Creeping Bellflower
Campanula rapunculoides
Bellflower family (Campanulaceae)

Description: This herbaceous perennial plant is 1½–3' tall and little branched. The central stem is light green to reddish brown, glabrous to slightly hairy, and terete or angular. The alternate leaves are up to 5" long, 2" across, and variable in shape; the lowest leaves are often cordate-oval, while the middle and upper leaves are ovate-lanceolate to lanceolate. All of these leaves have crenate or serrated margins; their upper surfaces are medium to dark green, while their lower surfaces are light green and short-hairy along the veins. The lower and middle leaves have slender petioles, while the upper leaves are more likely to be sessile. Sometimes short leafy stalks develop from the axils of the leaves on the central stem.

The central stem terminates in an elongated raceme of flowers up to 1' long. The flowers tend to nod downward along one side of the raceme on short pedicels.

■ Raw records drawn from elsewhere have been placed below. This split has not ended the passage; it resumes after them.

lemma wf_protocol_edgesA:
  assumes f: "prob_valued f"
  shows "wf_protocol m (edgesA m ctrl e chi f k)"
proof (induction k)
  case 0
  then show ?case using wf by simp
next
  case (Suc k)
  let ?E = "edgesA m ctrl e chi f k"
  show ?case unfolding wf_protocol_def
  proof (intro allI impI)
    fix u :: "bool list" assume u: "length u < m"
    have E: "0 \<le> ?E u" "?E u \<le> 1" and V: "\<And>v. 0 \<le> node_val m ?E chi v \<and> node_val m ?E chi v \<le> 1"
      using Suc u node_val_unit_interval[OF Suc] by (auto simp: wf_protocol_def)
    have "?E u * node_val m ?E chi (u @ [True]) \<le> node_val m ?E chi u"
      using node_val_node[OF u, of ?E chi] E V[of "u @ [False]"] by simp
    then show "0 \<le> edgesA m ctrl e chi f (Suc k) u \<and> edgesA m ctrl e chi f (Suc k) u \<le> 1"
      using u wf f E V[of u] V[of "u @ [True]"]
      by (cases "ctrl u")
        (auto simp: edgesA_other edgesA_Suc_attacker wf_protocol_def prob_valued_def zero_less_mult_iff)
  qed
qed
definition clipped_tent :: "real \<Rightarrow> real \<Rightarrow> real" where
  "clipped_tent N t = max 0 (min 1 (min (N * t) (N * (1 - t))))"

lemma f_fun_eq_clipped_tent_diff:
  assumes "n \<ge> 2"
  shows "f_fun n t = clipped_tent n t - clipped_tent n (-t)"
proof -
  define N where "N = real n"
  have N: "N \<ge> 2" using assms by (simp add: N_def)
  define s where "s = N * t"
  have "\<bar>s\<bar> = N * \<bar>t\<bar>" using N by (simp add: s_def abs_mult)
  then have e1: "(1 \<le> \<bar>t\<bar>) = (N \<le> \<bar>s\<bar>)" using N by simp
  have e2: "(1 - 1 / N \<le> t) = (N - 1 \<le> s)" "(1 / N \<le> t) = (1 \<le> s)"
    "(- 1 / N \<le> t) = (- 1 \<le> s)" "(- 1 + 1 / N \<le> t) = (1 - N \<le> s)"
    using N by (simp_all add: s_def field_simps)
  have e3: "N * (1 - t) = N - s" "N * t = s" "- N * (1 + t) = - N - s" "N * (-t) = - s"
    "N * (1 - - t) = N + s" by (simp_all add: s_def algebra_simps)
  show ?thesis
    unfolding f_fun_def clipped_tent_def N_def[symmetric] e1 e2 e3 using N
    by (auto simp: abs_if max_def min_def split: if_splits)
qed

lemma f_fun_odd: "n \<ge> 2 \<Longrightarrow> f_fun n (-t) = - f_fun n t"
  by (simp add: f_fun_eq_clipped_tent_diff)

lemma continuous_on_f_fun: "n \<ge> 2 \<Longrightarrow> continuous_on S (f_fun n)"
proof -
  assume "n \<ge> 2"
  then have "f_fun n = (\<lambda>t. clipped_tent n t - clipped_tent n (-t))"
    by (simp add: f_fun_eq_clipped_tent_diff fun_eq_iff)
  then show ?thesis unfolding clipped_tent_def by (simp add: continuous_intros)
qed

lemma f_fun_eq_0: "\<bar>t\<bar> \<ge> 1 \<Longrightarrow> f_fun n t = 0"
  by (simp add: f_fun_def)

lemma clipped_tent_nonpos: "0 \<le> N \<Longrightarrow> t \<le> 0 \<Longrightarrow> clipped_tent N t = 0"
  using mult_nonneg_nonpos[of N t] by (simp add: clipped_tent_def)

lemma f_fun_eq_clipped_tent:
  "n \<ge> 2 \<Longrightarrow> 0 \<le> t \<Longrightarrow> f_fun n t = clipped_tent n t"
  by (simp add: f_fun_eq_clipped_tent_diff clipped_tent_nonpos)

lemma has_integral_clipped_tent_times_id:
  fixes N :: real
  assumes N: "N \<ge> 2"
  shows "((\<lambda>x. clipped_tent N x * x) has_integral (1/2 - 1 / (2 * N))) {0..1}"
proof -
  have bounds: "0 \<le> 1 / N" "1 / N \<le> 1 - 1 / N" "1 - 1 / N \<le> 1"
    using N by (auto simp: field_simps)
  have rising: "((\<lambda>x. clipped_tent N x * x) has_integral
      ((\<lambda>x. N * x^3 / 3) (1 / N) - (\<lambda>x. N * x^3 / 3) 0)) {0..1 / N}"
  proof (rule has_integral_by_antiderivative)
    fix x assume "x \<in> {0..1 / N}"
    then have "0 \<le> N * x" "N * x \<le> 1" "1 \<le> N * (1 - x)" using N by (auto simp: field_simps)
    then show "clipped_tent N x * x = N * x * x" by (simp add: clipped_tent_def)
  qed (use bounds in \<open>auto intro!: derivative_eq_intros simp: power2_eq_square\<close>)
  have plateau: "((\<lambda>x. clipped_tent N x * x) has_integral
      ((\<lambda>x. x^2 / 2) (1 - 1 / N) - (\<lambda>x. x^2 / 2) (1 / N))) {1 / N..1 - 1 / N}"
  proof (rule has_integral_by_antiderivative)
    fix x assume "x \<in> {1 / N..1 - 1 / N}"
    then have "1 \<le> N * x" "1 \<le> N * (1 - x)" using N by (auto simp: field_simps)
    then show "clipped_tent N x * x = x" by (simp add: clipped_tent_def)
  qed (use bounds in \<open>auto intro!: derivative_eq_intros\<close>)
  have falling: "((\<lambda>x. clipped_tent N x * x) has_integral
      ((\<lambda>x. N * (x^2 / 2 - x^3 / 3)) 1 - (\<lambda>x. N * (x^2 / 2 - x^3 / 3)) (1 - 1 / N)))
      {1 - 1 / N..1}"
  proof (rule has_integral_by_antiderivative)
    fix x assume "x \<in> {1 - 1 / N..1}"
    then have "0 \<le> N * (1 - x)" "N * (1 - x) \<le> 1" "1 \<le> N * x"
      using N by (auto simp: field_simps)
    then show "clipped_tent N x * x = N * (1 - x) * x" by (simp add: clipped_tent_def)
  qed (use bounds in \<open>auto intro!: derivative_eq_intros simp: power2_eq_square algebra_simps\<close>)
  have "((\<lambda>x. clipped_tent N x * x) has_integral
      ((\<lambda>x. N * x^3 / 3) (1 / N) - (\<lambda>x. N * x^3 / 3) 0
       + ((\<lambda>x. x^2 / 2) (1 - 1 / N) - (\<lambda>x. x^2 / 2) (1 / N))
       + ((\<lambda>x. N * (x^2 / 2 - x^3 / 3)) 1 - (\<lambda>x. N * (x^2 / 2 - x^3 / 3)) (1 - 1 / N)))) {0..1}"
    using bounds
    by (intro has_integral_combine[OF _ _ has_integral_combine[OF _ _ rising plateau] falling]) auto
  moreover have "(\<lambda>x. N * x^3 / 3) (1 / N) - (\<lambda>x. N * x^3 / 3) 0
       + ((\<lambda>x. x^2 / 2) (1 - 1 / N) - (\<lambda>x. x^2 / 2) (1 / N))
       + ((\<lambda>x. N * (x^2 / 2 - x^3 / 3)) 1 - (\<lambda>x. N * (x^2 / 2 - x^3 / 3)) (1 - 1 / N))
      = 1/2 - 1 / (2 * N)"
    using N by (simp add: field_simps power3_eq_cube power2_eq_square)
  ultimately show ?thesis by simp
qed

At the base of each pedicel, there is a small leafy bract that is linear-lanceolate in shape. Sometimes nodding flowers are produced from the axils of the upper leaves on longer pedicels. Each flower has a bell-shaped blue-violet corolla, 5 green sepals, 5 stamens, and an exerted style with 3 curled stigmas. The corolla is 1–1½" long and half as much across; it has 5 pointed lobes that are recurved. The sepals are linear-lanceolate in shape, widely spreading to recurved, and much smaller in size than the corolla. The style is white or pale purple. The blooming period occurs from mid-summer to early fall and lasts about a month. Each flower is replaced by a globoid seed capsule that contains several small seeds. The root system is rhizomatous. Occasionally, small colonies of plants are produced from the long rhizomes.

Cultivation: The preference is full to partial sun, more or less mesic conditions, and a fertile loamy soil.

Range & Habitat: Creeping Bellflower naturalizes occasionally in northern Illinois and uncommonly in central Illinois; it is apparently rare or absent in southern Illinois (see Distribution Map). This species was introduced into North America from Europe as an ornamental plant. Habitats include open woodlands, savannas, thickets, fence rows, edges of yards, roadsides, and waste areas. Creeping Bellflower is often cultivated in gardens because of its showy flowers.

Faunal Associations: According to Müller (1873/1883), the flowers of Creeping Bellflower produce both nectar and pollen. Müller observed honeybees, bumblebees, Halictid bees, and other bees visiting the flowers for nectar or pollen in Germany; he also observed a Syrphid fly with a long proboscis (Rhingia sp.) sucking nectar from the flowers. Aside from these observations, further information about floral-faunal relationships for this species are unavailable.

Photographic Location: The photographs were taken at a flower garden in Urbana, Illinois.

Comments: Creeping Bellflower has very showy flowers. Among the Eurasian bellflowers that are cultivated, this is the species that most often escapes — in part because it is more commonly cultivated. A species that has naturalized less often in Illinois, Campanula glomerata (Clustered Bellflower), has more erect flowers that are clustered together at the apex each central stem. The flowers of this species have sepals that are longer and wider than those of Creeping Bellflower. The circumboreal Campanula rotundifolia (Harebells) and native Campanulastrum americanum (American Bellflower) are quite distinct from Creeping Bellflower. Harebells has linear leaves along its stems and its bell-shaped flowers are smaller in size (usually less than 1" in length) than those of creeping Bellflower. The flowers of American Bellflower have shallow corollas that are star-shaped with widely spreading lobes; the older scientific name of this latter species is Campanula americana.